Despite the platitudes about being the backbone of our economy, small business often has very little input when it comes to policy development.

Instead, big business, with its deep pockets, has the resources to ensure the issues that concern them get in front of decision makers — starting with employing ex-politicians to lobby government on behalf of their interests.

According to the Australian Government Register of Lobbyists, there are 283 lobby groups, and more than 630 individuals, whose role consists of raising awareness of the cause of any number of clients. These lobbyists tend to be former ministers, senior advisers and public servants who have a wealth of experience of the inner workings of government.
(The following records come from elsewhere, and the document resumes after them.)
(* Let $f\colon\mathbb{R}^n\to\mathbb{R}$ be convex and differentiable with $\|\nabla f(x)-\nabla f(y)\|\le L\|x-y\|$ (Euclidean norm, $L>0$), with a minimizer $x_\star$, $f_\star=f(x_\star)$. Let $\theta_{-1}=0$, $\theta_0=1$, $\theta_{k+1}>0$ with $\theta_{k+1}^2-\theta_{k+1}=\theta_k^2$ for $k\ge0$, and $\varphi_k>0$ with $\varphi_k^2-\varphi_k=2\theta_{k-1}^2$ for $k\ge0$. Given $x_0$, let $y_0=\tilde x_0=x_0$ and for $k\ge0$: \[ y_{k+1}=x_k-\tfrac1L\nabla f(x_k),\quad x_{k+1}=y_{k+1}+\tfrac{\theta_k-1}{\theta_{k+1}}(y_{k+1}-y_k)+\tfrac{\theta_k}{\theta_{k+1}}(y_{k+1}-x_k),\quad \tilde x_{k+1}=y_{k+1}+\tfrac{\theta_k-1}{\varphi_{k+1}}(y_{k+1}-y_k)+\tfrac{\theta_k}{\varphi_{k+1}}(y_{k+1}-x_k). \] Then for $k=0,1,\dots$, \[ f(\tilde x_k)-f_\star\le\frac{L\|x_0-x_\star\|^2}{2\varphi_k^2}=\frac{L\|x_0-x_\star\|^2}{(k+\zeta+1/\sqrt2)^2}-\frac{L\|x_0-x_\star\|^2\log k}{(k+\zeta+1/\sqrt2)^3}+o\!\left(\frac1{k^3}\right), \] where $\zeta$ is the constant defined in the context (the asymptotic expansion refers to $k\to\infty$).
   Context: For this sequence $\{\theta_k\}$ the limit $\zeta:=\lim_{k\to\infty}\big(2\theta_k-k-1-\tfrac12\log k\big)$ exists, with $\zeta\approx0.646$. $\log$ is the natural logarithm. *)

theory Defs
  imports "HOL-Analysis.Analysis" "HOL-Library.Landau_Symbols"
begin

definition zeta_of :: "(nat \<Rightarrow> real) \<Rightarrow> real" where
  "zeta_of \<theta> = lim (\<lambda>k. 2 * \<theta> k - real k - 1 - ln (real k) / 2)"

end

theory Submission
  imports Defs "HOL-Real_Asymp.Real_Asymp"
begin

text \<open>
  The bound comes from a potential function for the optimized gradient method. With
  z k = \<theta> k x k - (\<theta> k - 1) y k, both x (k+1) and xt (k+1) lie on the line through y (k+1) and
  z (k+1), and z (k+1) = z k - (2 \<theta> k / L) \<nabla>f (x k). Adding the cocoercivity inequalities of \<nabla>f
  at (x k, x (k+1)) and at (xs, x (k+1)) with weights (\<theta> k)^2 and \<theta> (k+1) shows that
  2 (\<theta> k)^2 (f (x k) - f xs - |\<nabla>f (x k)|^2 / (2 L)) + L/2 |z (k+1) - xs|^2 never increases; the same sum
  with xt (k+1) and \<phi> (k+1) in place of x (k+1) and \<theta> (k+1) bounds (\<phi> (k+1))^2 (f (xt (k+1)) - f xs) by it.

  For the asymptotics, 2 \<theta> (k+1) - 1 = sqrt ((2 \<theta> k)^2 + 1) makes the increments of
  2 \<theta> k - k - 1 - (log k)/2 of order k powr (-3/2), so this sequence converges to \<zeta>, while
  sqrt 2 \<phi> (k+1) = 1/sqrt 2 + sqrt ((2 \<theta> k)^2 + 1/2) = 2 \<theta> k + 1/sqrt 2 + O(1/k). Hence
  sqrt 2 \<phi> k = k + \<zeta> + 1/sqrt 2 + (log k)/2 + o(1), and expanding 1/(sqrt 2 \<phi> k)^2 around
  k + \<zeta> + 1/sqrt 2 gives the stated expansion.
\<close>

section \<open>Smooth convex functions\<close>

lemma has_real_derivative_along_line:
  assumes "(f has_derivative (\<lambda>h. g \<bullet> h)) (at (x + t *\<^sub>R d))"
  shows "((\<lambda>t. f (x + t *\<^sub>R d)) has_real_derivative (g \<bullet> d)) (at t)"
proof -
  have "((\<lambda>t. x + t *\<^sub>R d) has_derivative (\<lambda>h. h *\<^sub>R d)) (at t)"
    by (auto intro!: derivative_eq_intros)
  from has_derivative_compose[OF this assms] show ?thesis
    by (auto intro: has_derivative_imp_has_field_derivative simp: o_def)
qed

lemma convex_on_line:
  assumes "convex_on UNIV f"
  shows "convex_on UNIV (\<lambda>t::real. f (x + t *\<^sub>R d))"
proof (rule convex_onI)
  fix s a b :: real assume "0 < s" "s < 1"
  have "x + ((1 - s) *\<^sub>R a + s *\<^sub>R b) *\<^sub>R d = (1 - s) *\<^sub>R (x + a *\<^sub>R d) + s *\<^sub>R (x + b *\<^sub>R d)"
    by (simp add: algebra_simps)
  with convex_onD[OF assms, of s "x + a *\<^sub>R d" "x + b *\<^sub>R d"] \<open>0 < s\<close> \<open>s < 1\<close>
  show "f (x + ((1 - s) *\<^sub>R a + s *\<^sub>R b) *\<^sub>R d) \<le> (1 - s) * f (x + a *\<^sub>R d) + s * f (x + b *\<^sub>R d)"
    by simp
qed simp

locale L_smooth =
  fixes f :: "'a::real_inner \<Rightarrow> real" and grad :: "'a \<Rightarrow> 'a" and L :: real
  assumes has_derivative_grad: "(f has_derivative (\<lambda>h. grad z \<bullet> h)) (at z)"
    and grad_lipschitz: "norm (grad u - grad v) \<le> L * norm (u - v)"
begin

lemma descent_lemma: "f y \<le> f x + grad x \<bullet> (y - x) + L / 2 * norm (y - x) ^ 2"
proof -
  define d where "d = y - x"
  define h where "h t = f (x + t *\<^sub>R d) - t * (grad x \<bullet> d) - L / 2 * t ^ 2 * norm d ^ 2" for t
  have "h 1 \<le> h 0"
  proof (rule DERIV_nonpos_imp_nonincreasing[of 0 1 h])
    fix t :: real assume t: "0 \<le> t" "t \<le> 1"
    let ?h' = "(grad (x + t *\<^sub>R d) - grad x) \<bullet> d - L * t * norm d ^ 2"
    have "(h has_real_derivative ?h') (at t)"
      unfolding h_def
      by (auto intro!: derivative_eq_intros has_real_derivative_along_line has_derivative_grad
          simp: inner_diff_left power2_eq_square)
    moreover have "(grad (x + t *\<^sub>R d) - grad x) \<bullet> d \<le> L * norm (t *\<^sub>R d) * norm d"
      using norm_cauchy_schwarz[of "grad (x + t *\<^sub>R d) - grad x" d]
        mult_right_mono[OF grad_lipschitz[of "x + t *\<^sub>R d" x] norm_ge_zero[of d]]
      by simp
    ultimately show "\<exists>y. (h has_real_derivative y) (at t) \<and> y \<le> 0"
      using t by (auto simp: power2_eq_square mult.assoc)
  qed simp
  then show ?thesis
    by (simp add: h_def d_def algebra_simps)
qed

lemma grad_eq_0_if_minimizer:
  assumes "\<And>u. f xs \<le> f u"
  shows "grad xs = 0"
proof -
  have "(\<lambda>h. grad xs \<bullet> h) = (\<lambda>h. 0)"
    using assms by (intro differential_zero_maxmin[OF _ open_UNIV has_derivative_grad]) auto
  then show ?thesis
    by (metis inner_eq_zero_iff)
qed

end

lemma norm_diff_scaleR_square:
  fixes w g :: "'a::real_inner"
  assumes "L \<noteq> 0"
  shows "L / 2 * norm (w - (c / L) *\<^sub>R g) ^ 2 = L / 2 * norm w ^ 2 - c * (g \<bullet> w) + c ^ 2 / (2 * L) * norm g ^ 2"
  using assms unfolding power2_norm_eq_inner
  by (simp add: inner_diff_left inner_diff_right inner_commute power2_eq_square field_simps)

locale convex_L_smooth = L_smooth +
  assumes convex: "convex_on UNIV f"
    and L_pos: "L > 0"
begin

lemma gradient_inequality: "f x + grad x \<bullet> (y - x) \<le> f y"
  using convex_on_imp_above_tangent[OF convex_on_line[OF convex, of x "y - x"], of 0 1]
    has_real_derivative_along_line[of f "grad x" x 0 "y - x"] has_derivative_grad[of x]
  by fastforce

lemma cocoercivity: "f b + grad b \<bullet> (a - b) + norm (grad a - grad b) ^ 2 / (2 * L) \<le> f a"
proof -
  define g where "g = grad a - grad b"
  define w where "w = a - (1 / L) *\<^sub>R g"
  have "f b + grad b \<bullet> (w - b) \<le> f w"
    by (rule gradient_inequality)
  also have "f w \<le> f a + grad a \<bullet> (w - a) + L / 2 * norm (w - a) ^ 2"
    by (rule descent_lemma)
  moreover have "grad b \<bullet> (w - b) = grad b \<bullet> (a - b) - (grad b \<bullet> g) / L"
    and "grad a \<bullet> (w - a) = - (grad a \<bullet> g) / L"
    and "L / 2 * norm (w - a) ^ 2 = norm g ^ 2 / (2 * L)"
    using L_pos by (auto simp: w_def inner_diff_right power2_eq_square)
  ultimately have "f b + grad b \<bullet> (a - b) - (grad b \<bullet> g) / L \<le> f a - (grad a \<bullet> g) / L + norm g ^ 2 / (2 * L)"
    by simp
  moreover have "(grad a \<bullet> g) / L - (grad b \<bullet> g) / L = 2 * (norm g ^ 2 / (2 * L))"
    using L_pos by (simp add: g_def power2_norm_eq_inner inner_diff_left field_simps)
  ultimately show ?thesis
    unfolding g_def by linarith
qed

definition gradient_step :: "'a \<Rightarrow> 'a" where
  "gradient_step u = u - (1 / L) *\<^sub>R grad u"

text \<open>Add the cocoercivity inequalities at (xk, p) and at (xs, p) with weights c^2 - c and c:
  since zn - p = (c - 1) (p - gradient_step xk), all inner products with grad p cancel.\<close>

lemma ogm_key_inequality:
  assumes "grad xs = 0" and "1 \<le> c"
    and zn: "zn = gradient_step xk + c *\<^sub>R (p - gradient_step xk)"
  shows "c ^ 2 * (f p - f xs + norm (grad p) ^ 2 / (2 * L)) - c * (grad p \<bullet> (zn - xs))
    \<le> (c ^ 2 - c) * (f xk - f xs - norm (grad xk) ^ 2 / (2 * L))"
proof -
  have "f p + grad p \<bullet> (xk - p) + norm (grad xk - grad p) ^ 2 / (2 * L) \<le> f xk"
    by (rule cocoercivity)
  moreover have "f p + grad p \<bullet> (xs - p) + norm (grad p) ^ 2 / (2 * L) \<le> f xs"
    using cocoercivity[of p xs] \<open>grad xs = 0\<close> by simp
  ultimately have "0 \<le> (c ^ 2 - c) * (f xk - (f p + grad p \<bullet> (xk - p) + norm (grad xk - grad p) ^ 2 / (2 * L)))
      + c * (f xs - (f p + grad p \<bullet> (xs - p) + norm (grad p) ^ 2 / (2 * L)))"
    using \<open>1 \<le> c\<close> by (intro add_nonneg_nonneg mult_nonneg_nonneg) (auto simp: power2_eq_square)
  also have "\<dots> = (c ^ 2 - c) * (f xk - f xs - norm (grad xk) ^ 2 / (2 * L))
      - (c ^ 2 * (f p - f xs + norm (grad p) ^ 2 / (2 * L)) - c * (grad p \<bullet> (zn - xs)))"
    using L_pos unfolding zn gradient_step_def power2_norm_eq_inner
    by (simp add: inner_simps inner_commute power2_eq_square field_simps)
  finally show ?thesis by simp
qed

lemma ogm_potential_step:
  assumes "grad xs = 0" and "1 \<le> c"
    and "zn = gradient_step xk + c *\<^sub>R (p - gradient_step xk)"
  shows "2 * c ^ 2 * (f p - f xs - norm (grad p) ^ 2 / (2 * L)) + L / 2 * norm (zn - (2 * c / L) *\<^sub>R grad p - xs) ^ 2
    \<le> 2 * (c ^ 2 - c) * (f xk - f xs - norm (grad xk) ^ 2 / (2 * L)) + L / 2 * norm (zn - xs) ^ 2"
proof -
  have "L / 2 * norm (zn - (2 * c / L) *\<^sub>R grad p - xs) ^ 2 = L / 2 * norm ((zn - xs) - (2 * c / L) *\<^sub>R grad p) ^ 2"
    by (simp add: algebra_simps)
  also have "\<dots> = L / 2 * norm (zn - xs) ^ 2 - 2 * c * (grad p \<bullet> (zn - xs)) + (2 * c) ^ 2 / (2 * L) * norm (grad p) ^ 2"
    using L_pos by (intro norm_diff_scaleR_square) simp
  finally have "2 * c ^ 2 * (f p - f xs - norm (grad p) ^ 2 / (2 * L)) + L / 2 * norm (zn - (2 * c / L) *\<^sub>R grad p - xs) ^ 2
      = 2 * (c ^ 2 * (f p - f xs + norm (grad p) ^ 2 / (2 * L)) - c * (grad p \<bullet> (zn - xs))) + L / 2 * norm (zn - xs) ^ 2"
    using L_pos by (simp add: field_simps)
  also have "\<dots> \<le> 2 * ((c ^ 2 - c) * (f xk - f xs - norm (grad xk) ^ 2 / (2 * L))) + L / 2 * norm (zn - xs) ^ 2"
    using ogm_key_inequality[OF assms] by simp
  finally show ?thesis
    by (simp only: mult.assoc)
qed

lemma ogm_final_step:
  assumes "grad xs = 0" and "1 \<le> c"
    and "zn = gradient_step xk + c *\<^sub>R (p - gradient_step xk)"
  shows "c ^ 2 * (f p - f xs) \<le> (c ^ 2 - c) * (f xk - f xs - norm (grad xk) ^ 2 / (2 * L)) + L / 2 * norm (zn - xs) ^ 2"
proof -
  have "c ^ 2 * (f p - f xs) \<le> c ^ 2 * (f p - f xs) + L / 2 * norm (zn - xs - (c / L) *\<^sub>R grad p) ^ 2"
    using L_pos by simp
  also have "\<dots> = c ^ 2 * (f p - f xs + norm (grad p) ^ 2 / (2 * L)) - c * (grad p \<bullet> (zn - xs)) + L / 2 * norm (zn - xs) ^ 2"
    using L_pos by (subst norm_diff_scaleR_square) (simp_all add: field_simps)
  finally show ?thesis
    using ogm_key_inequality[OF assms] by simp
qed

end

section \<open>The optimized gradient method\<close>

locale theta_sequence =
  fixes \<theta> :: "nat \<Rightarrow> real"
  assumes theta_0: "\<theta> 0 = 1"
    and theta_Suc_pos: "\<theta> (Suc k) > 0"
    and theta_Suc: "\<theta> (Suc k) ^ 2 - \<theta> (Suc k) = \<theta> k ^ 2"
begin

lemma theta_ge_1: "1 \<le> \<theta> k"
proof (cases k)
  case (Suc j)
  have "0 \<le> \<theta> k * (\<theta> k - 1)"
    using theta_Suc[of j] by (simp add: Suc power2_eq_square algebra_simps)
  with theta_Suc_pos[of j] Suc show ?thesis
    by (simp add: zero_le_mult_iff)
qed (simp add: theta_0)

end

locale phi_sequence = theta_sequence +
  fixes \<phi> :: "nat \<Rightarrow> real"
  assumes phi_pos: "\<phi> k > 0"
    and phi_0: "\<phi> 0 = 1"
    and phi_Suc: "\<phi> (Suc k) ^ 2 - \<phi> (Suc k) = 2 * \<theta> k ^ 2"
begin

lemma phi_ge_1: "1 \<le> \<phi> k"
proof (cases k)
  case (Suc j)
  have "0 \<le> \<phi> k * (\<phi> k - 1)"
    using phi_Suc[of j] by (simp add: Suc power2_eq_square algebra_simps)
  with phi_pos[of k] show ?thesis
    by (simp add: zero_le_mult_iff)
qed (simp add: phi_0)

end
For small businesses who have all their funds directed towards running and growing their organisations, it’s hard to think how we can possibly compete to get heard in this environment (not to mention when you add political ‘donations’ into the mix).

So is it fair that well financed organisations can employ services of ex-politicians to be heard and push their agendas? Is it playing dirty, or just simple networking? Given the current Independent Commission against Corruption (ICAC) investigations into corrupt conduct concerning soliciting, receiving and concealing payments, it’s clear the ethical lines can get blurred.

Where is the line drawn between a donation and a bribe? And short of heading down that dubious (and expensive) path, what can small business do to be heard?

First you need to understand the triggers for the politician you want to approach. Short of making a ‘donation’ to their party, what is the trigger to get them to respond — what’s in it for them?

Try to make your business valuable to them. Get involved in what’s important to them, for example, volunteering time for campaign efforts. Use social media to help spread your message to a wide audience, to get others on board — the greater the influence you have among your following, the greater influence you can have on policy.